◆ What is being asked: Range to reproduce from the entries below: the line with "b (Const b')", the line with "case (Var j)", and every line in between. Give them exactly and give nothing else.

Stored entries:
********

lemma worst_err_ge_Min:
  assumes w: "\<And>k. 1 \<le> w k" and A: "fin_rank_op w d (n + 1) A"
    and S: "finite S" "S \<subseteq> Zd d" "n < card S"
  shows "sqrt (Min (inverse ` w ` S)) \<le> worst_err w d A"
proof -
  have wpos: "0 < w k" for k
    using w[of k] by linarith
  obtain f where supp: "\<And>k. k \<notin> S \<Longrightarrow> f k = 0" and Af: "A f = 0"
    and unit: "(\<Sum>k\<in>S. w k * (cmod (f k))\<^sup>2) = 1"
    using fin_rank_op_unit_kernel[OF wpos A S] by blast
  have "Min (inverse ` w ` S) = (\<Sum>k\<in>S. Min (inverse ` w ` S) * (w k * (cmod (f k))\<^sup>2))"
    by (simp add: sum_distrib_left[symmetric] unit)
  also have "\<dots> \<le> (\<Sum>k\<in>S. (cmod (f k))\<^sup>2)"
  proof (rule sum_mono)
    fix k assume k: "k \<in> S"
    have "Min (inverse ` w ` S) \<le> inverse (w k)"
      using S(1) k by simp
    then have "Min (inverse ` w ` S) * (w k * (cmod (f k))\<^sup>2) \<le> inverse (w k) * (w k * (cmod (f k))\<^sup>2)"
      by (rule mult_right_mono) (simp add: wpos less_imp_le)
    also have "\<dots> = (cmod (f k))\<^sup>2"
      using wpos[of k] by simp
    finally show "Min (inverse ` w ` S) * (w k * (cmod (f k))\<^sup>2) \<le> (cmod (f k))\<^sup>2" .
  qed
  finally have "sqrt (Min (inverse ` w ` S)) \<le> L2norm d f"
    using wl2_finite_support(2)[of S d f "\<lambda>_. 1", OF S(1,2) supp]
    by (simp add: L2norm_def)
  also have "\<dots> = L2norm d (\<lambda>k. f k - A f k)"
    by (simp add: Af)
  also have "\<dots> \<le> worst_err w d A"
    using wl2_finite_support[of S d f w, OF S(1,2) supp] unit
    by (intro err_le_worst_err[OF w A]) auto
  finally show ?thesis .
qed
definition accepted :: "nat \<Rightarrow> nat \<Rightarrow> circ \<Rightarrow> bool list set" where
  "accepted m n C = {x. length x = n \<and> eval_circ m C x}"

definition insert_at :: "nat \<Rightarrow> 'a \<Rightarrow> 'a list \<Rightarrow> 'a list" where
  "insert_at i a xs = take i xs @ a # drop i xs"

lemma eval_circ_Gate: "eval_circ m (Gate A cs) x \<longleftrightarrow> true_wires m cs x mod m \<in> A"
  by (simp add: true_wires_def)

lemma true_wires_concat:
  "true_wires m (concat (map f cs)) x = (\<Sum>c\<leftarrow>cs. true_wires m (f c) x)"
  by (induction cs) (simp_all add: true_wires_def)

lemma true_wires_eq_sum_singletons: "true_wires m cs x = (\<Sum>c\<leftarrow>cs. true_wires m [c] x)"
  by (induction cs) (simp_all add: true_wires_def)

lemma mod_sum_list_cong:
  assumes "\<And>c. c \<in> set cs \<Longrightarrow> f c mod m = g c mod m"
  shows "(\<Sum>c\<leftarrow>cs. f c) mod m = (\<Sum>c\<leftarrow>cs. g c :: nat) mod m"
  using assms
proof (induction cs)
  case (Cons a cs)
  then have "f a mod m = g a mod m" and "(\<Sum>c\<leftarrow>cs. f c) mod m = (\<Sum>c\<leftarrow>cs. g c) mod m"
    by simp_all
  from mod_add_cong[OF this] show ?case by simp
qed simp

lemma eval_circ_Gate_concat_cong:
  assumes "\<And>c. c \<in> set cs \<Longrightarrow> true_wires m (f c) x mod m = true_wires m [c] y mod m"
  shows "eval_circ m (Gate A (concat (map f cs))) x = eval_circ m (Gate A cs) y"
proof -
  have "true_wires m (concat (map f cs)) x mod m = true_wires m cs y mod m"
    unfolding true_wires_concat true_wires_eq_sum_singletons[of m cs y]
    using assms by (rule mod_sum_list_cong)
  then show ?thesis by (simp only: eval_circ_Gate)
qed

lemma fold_max_map_le_iff:
  "fold max (map f xs) (0::nat) \<le> k \<longleftrightarrow> (\<forall>x\<in>set xs. f x \<le> k)"
proof -
  have "fold max (map f xs) (0::nat) = Max (set (0 # map f xs))"
    by (simp only: Max.set_eq_fold)
  then show ?thesis by auto
qed

text \<open>Inside a MOD_m gate the negation of x is simulated by the m wires
  1, x, ..., x, since 1 + (m - 1) x is congruent to 1 - x modulo m.\<close>

fun negated_wires :: "nat \<Rightarrow> (nat \<Rightarrow> bool) \<Rightarrow> circ \<Rightarrow> circ list" where
  "negated_wires m fl (Var i) = (if fl i then Const True # replicate (m - 1) (Var i) else [Var i])"
| "negated_wires m fl (Const b) = [Const b]"
| "negated_wires m fl (Gate A cs) = [Gate A (concat (map (negated_wires m fl) cs))]"

lemma true_wires_negated_wires:
  assumes "m > 0" and flip: "\<And>i. i < n \<Longrightarrow> y ! i = (x ! i \<noteq> fl i)" and "wf_circ m n c"
  shows "true_wires m (negated_wires m fl c) x mod m = true_wires m [c] y mod m"
  using assms(3)
proof (induction c)
  case (Var i)
  show ?case
  proof (cases "fl i")
    case True
    have "true_wires m (negated_wires m fl (Var i)) x = 1 + (m - 1) * (if x ! i then 1 else 0)"
      using True by (simp add: true_wires_def sum_list_replicate)
    then show ?thesis
      using True Var flip \<open>m > 0\<close> by (auto simp: true_wires_def)
  next
    case False
    then show ?thesis using Var flip by (simp add: true_wires_def)
  qed
next
  case (Gate A cs)
  then have "eval_circ m (Gate A (concat (map (negated_wires m fl) cs))) x = eval_circ m (Gate A cs) y"
    by (intro eval_circ_Gate_concat_cong) auto
  then show ?case by (simp add: true_wires_def)
qed (simp add: true_wires_def)

lemma wf_negated_wires: "wf_circ m n c \<Longrightarrow> d \<in> set (negated_wires m fl c) \<Longrightarrow> wf_circ m n d"
  by (induction c arbitrary: d) (auto split: if_splits)

lemma depth_negated_wires: "d \<in> set (negated_wires m fl c) \<Longrightarrow> depth d \<le> depth c"
proof (induction c arbitrary: d)
  case (Gate A cs)
  have "depth e \<le> fold max (map depth cs) 0"
    if "e \<in> set (concat (map (negated_wires m fl) cs))" for e
  proof -
    from that obtain c where "c \<in> set cs" "e \<in> set (negated_wires m fl c)" by auto
    with Gate.IH have "depth e \<le> depth c" by blast
    also have "\<dots> \<le> fold max (map depth cs) 0"
      using \<open>c \<in> set cs\<close> fold_max_map_le_iff[of depth cs] by blast
    finally show ?thesis .
  qed
  then show ?case using Gate.prems by (simp add: fold_max_map_le_iff)
qed (auto split: if_splits)

text \<open>A root variable cannot be negated, but it need not be: it is true on the accepted word w,
  so \<open>map2 (=) x w\<close> agrees with x there.\<close>

lemma negate_inputs:
  assumes "m > 0" and C: "CC_circuit h m n C" and w: "w \<in> accepted m n C"
  shows "\<exists>C'. CC_circuit h m n C' \<and>
           (\<forall>x. length x = n \<longrightarrow> eval_circ m C' x = eval_circ m C (map2 (=) x w))"
proof (cases C)
  case (Gate A cs)
  define fl where "fl i = (\<not> w ! i)" for i
  define C' where "C' = Gate A (concat (map (negated_wires m fl) cs))"
  have "C' \<in> set (negated_wires m fl C)" by (simp add: Gate C'_def)
  then have "CC_circuit h m n C'"
    using C wf_negated_wires[of m n C] depth_negated_wires[of C' m fl C]
    by (auto simp: CC_circuit_def)
  moreover have "eval_circ m C' x = eval_circ m C (map2 (=) x w)" if "length x = n" for x
    unfolding C'_def Gate
  proof (rule eval_circ_Gate_concat_cong)
    fix c assume "c \<in> set cs"
    then have "wf_circ m n c" using C Gate by (simp add: CC_circuit_def)
    moreover have "map2 (=) x w ! i = (x ! i \<noteq> fl i)" if "i < n" for i
      using that \<open>length x = n\<close> w by (auto simp: fl_def accepted_def)
    ultimately show "true_wires m (negated_wires m fl c) x mod m = true_wires m [c] (map2 (=) x w) mod m"
      using \<open>m > 0\<close> true_wires_negated_wires by blast
  qed
  ultimately show ?thesis by blast
next
  case (Var i)
  then have "eval_circ m C x = eval_circ m C (map2 (=) x w)" if "length x = n" for x
    using that w C by (auto simp: accepted_def CC_circuit_def)
  with C show ?thesis by blast
next
  case (Const b)
  with C show ?thesis by auto
qed

lemma unique_accepted_computes_AND:
  assumes "m > 0" and C: "CC_circuit h m n C" and unique: "accepted m n C = {w}"
  shows "\<exists>C'. CC_circuit h m n C' \<and> computes m n C' (\<lambda>x. \<forall>i<n. x ! i)"
proof -
  have w: "w \<in> accepted m n C" and "length w = n"
    using unique by (auto simp: accepted_def)
  obtain C' where C': "CC_circuit h m n C'"
    and eval_C': "\<And>x. length x = n \<Longrightarrow> eval_circ m C' x = eval_circ m C (map2 (=) x w)"
    using negate_inputs[OF \<open>m > 0\<close> C w] by blast
  have "eval_circ m C' x = (\<forall>i<n. x ! i)" if "length x = n" for x
  proof -
    have "eval_circ m C' x \<longleftrightarrow> map2 (=) x w \<in> accepted m n C"
      using eval_C' that \<open>length w = n\<close> by (simp add: accepted_def)
    also have "\<dots> \<longleftrightarrow> map2 (=) x w = w"
      using unique by simp
    also have "\<dots> \<longleftrightarrow> (\<forall>i<n. x ! i)"
      using that \<open>length w = n\<close> by (auto simp: list_eq_iff_nth_eq)
    finally show ?thesis .
  qed
  with C' show ?thesis unfolding computes_def by blast
qed

fun restrict_var :: "nat \<Rightarrow> bool \<Rightarrow> circ \<Rightarrow> circ" where
  "restrict_var i b (Var j) = (if j < i then Var j else if j = i then Const b else Var (j - 1))"
| "restrict_var i b (Const b') = Const b'"
| "restrict_var i b (Gate A cs) = Gate A (map (restrict_var i b) cs)"

lemma eval_restrict_var:
  "i \<le> length x \<Longrightarrow> wf_circ m (Suc (length x)) c \<Longrightarrow>
    eval_circ m (restrict_var i b c) x = eval_circ m c (insert_at i b x)"
proof (induction c)
  case (Var j)
  then show ?case by (auto simp: insert_at_def nth_append min_def)
next
  case (Gate A cs)
  then have "map (\<lambda>c. if eval_circ m (restrict_var i b c) x then 1 else 0) cs
     = map (\<lambda>c. if eval_circ m c (insert_at i b x) then 1 else (0::nat)) cs"
    by (intro map_cong) auto
  then show ?case by (simp add: o_def del: map_eq_conv)
qed auto

lemma wf_restrict_var: "wf_circ m (Suc n) c \<Longrightarrow> i \<le> n \<Longrightarrow> wf_circ m n (restrict_var i b c)"
  by (induction c) auto

lemma depth_restrict_var [simp]: "depth (restrict_var i b c) = depth c"
proof (induction c)
  case (Gate A cs)
  then show ?case by (simp cong: map_cong)
qed auto

lemma CC_circuit_restrict_var:
  "CC_circuit h m (Suc n) C \<Longrightarrow> i \<le> n \<Longrightarrow> CC_circuit h m n (restrict_var i b C)"
  by (simp add: CC_circuit_def wf_restrict_var)
(* Let $R_1,R_2\in\mathbb R^{r\times n}$ and let $\mathcal R=\ker([R_1\ \ -R_2])\subseteq\mathbb R^n\times\mathbb R^n$ (so $(x,x')\in\mathcal R\iff R_1x=R_2x'$) be a total relation. Then $\mathcal R$ is an equivalence relation on $\mathbb R^n$ if and only if $R_1=R_2$.
   Context: A relation $\mathcal R\subseteq\mathbb R^n\times\mathbb R^n$ is total if every $x\in\mathbb R^n$ appears as a first component of some pair in $\mathcal R$ and every $x'\in\mathbb R^n$ appears as a second component of some pair in $\mathcal R$. *)

theory Defs
  imports "HOL-Analysis.Analysis"
begin

text \<open>A relation is total (in the paper's sense) if every point occurs as a first
component and every point occurs as a second component.  (This is NOT the
library notion \<open>total\<close>, which means connexity.)\<close>
definition total_relation :: "('a \<times> 'b) set \<Rightarrow> bool" where
  "total_relation R \<longleftrightarrow> Domain R = UNIV \<and> Range R = UNIV"

definition ker_rel :: "real^'n^'r \<Rightarrow> real^'n^'r \<Rightarrow> ((real^'n) \<times> (real^'n)) set" where
  "ker_rel R1 R2 = {(x, x'). R1 *v x - R2 *v x' = 0}"

end

theory Submission
  imports Defs
begin

lemma refl_ker_rel_iff: "refl (ker_rel R1 R2) \<longleftrightarrow> R1 = R2"
proof
  assume "refl (ker_rel R1 R2)"
  then have "R1 *v x = R2 *v x" for x
    by (simp add: refl_on_def ker_rel_def)
  then show "R1 = R2"
    by (simp add: matrix_eq)
qed (simp add: refl_on_def ker_rel_def)

lemma equiv_ker_rel_self: "equiv UNIV (ker_rel R R)"
  by (auto simp: equiv_def refl_on_def sym_def trans_def ker_rel_def)

theorem proposition5:
  fixes R1 R2 :: "real^'n^'r"
  assumes "total_relation (ker_rel R1 R2)"
  shows "equiv UNIV (ker_rel R1 R2) \<longleftrightarrow> R1 = R2"
  using refl_ker_rel_iff[of R1 R2] equiv_ker_rel_self[of R1]
  by (auto simp: equiv_def)

end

********

◆ Exercise output:
| "restrict_var i b (Const b') = Const b'"
| "restrict_var i b (Gate A cs) = Gate A (map (restrict_var i b) cs)"

lemma eval_restrict_var:
  "i \<le> length x \<Longrightarrow> wf_circ m (Suc (length x)) c \<Longrightarrow>
    eval_circ m (restrict_var i b c) x = eval_circ m c (insert_at i b x)"
proof (induction c)
  case (Var j)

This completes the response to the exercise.